提问
给了以下点和路径,选取一点输出所有可能走过的点,走过的点不能重复
比如选取a,输出 [[a,b,c],[a,c,b,d,f],[a,b,d,e],…]**
设计数据格式
class Point {
name = "";
neighbor: string[] = [];
}
cosnt data: Point[] = [
{ name: "a", neighbor: ["b", "c"] },
{ name: "b", neighbor: ["a", "c", "d"] },
{ name: "c", neighbor: ["a", "b"] },
{ name: "d", neighbor: ["b", "e", "f", "g"] },
{ name: "e", neighbor: ["d"] },
{ name: "f", neighbor: ["d"] },
]
每一个点用Point类表示,name代表点的名字,neighbor表示该点的邻居
实现过程思路
一组走过的点使用string[]表示
实现一个方法,传入一个target,即点的name,返回所有可能走过的点的组合string[][]。(history参数下面会说到)

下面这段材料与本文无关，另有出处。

(* Let $\phi$ be a uniformly convex N-function with indices $p^-$ and $p^+$, let $\Omega\subset\mathbb{R}^n$ be open, and let $0<\delta^-\le1\le\delta^+<\infty$, $\delta=(\delta^-,\delta^+)$. Then $$L^{p^-}(\Omega)\cap L^{p^+}(\Omega)\cap L^2(\Omega)\hookrightarrow L^{\phi_\delta}(\Omega)\hookrightarrow L^{p^-}(\Omega)+L^{p^+}(\Omega)+L^2(\Omega),$$ with embedding constants bounded uniformly with respect to $\delta$.
   Context: An N-function is a function $\phi:[0,\infty)\to[0,\infty)$ with right-continuous non-decreasing derivative $\phi'$, $\phi'(0)=0$, $\phi'(t)>0$ for $t>0$, $\phi'(t)\to\infty$, $\phi(t)=\int_0^t\phi'$. It is uniformly convex if $\phi\in C^1([0,\infty))\cap C^2((0,\infty))$ and $p^-:=\inf_{t>0}\frac{\phi''(t)t}{\phi'(t)}+1>1$, $p^+:=\sup_{t>0}\frac{\phi''(t)t}{\phi'(t)}+1<\infty$. The truncated N-function $\phi_\delta$ is defined by $\phi_\delta'(t):=\frac{\phi'(\max(\delta^-,\min(t,\delta^+)))}{\max(\delta^-,\min(t,\delta^+))}\,t$, $\phi_\delta(t)=\int_0^t\phi_\delta'$. $L^{\phi_\delta}(\Omega)$ is the Orlicz space with Luxemburg norm $\|v\|=\inf\{\lambda>0:\int_\Omega\phi_\delta(|v|/\lambda)\le1\}$. Intersections of Lebesgue spaces carry the maximum of the norms, sums carry the infimum over decompositions of the sum of the norms. *)

theory Defs
  imports "HOL-Analysis.Analysis"
begin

type getPath = (target: string, history?: string[]) => string[][];
比如我们从a开始,下一个点可能是b或者c,将会有两种分支。目前我们走的这组点为[‘a’],那么走下一步的时候我们要复制一下我们走过的点的组合,即复制成两个[‘a’]。多个分支复制成多个。那么[‘a’]就是下一次递归的history参数。
然后假设我们现在走过的是[‘a’, ‘b’],下一个点就不能有a了,也就是b点此时可选的邻居是[‘c’, ‘d’]。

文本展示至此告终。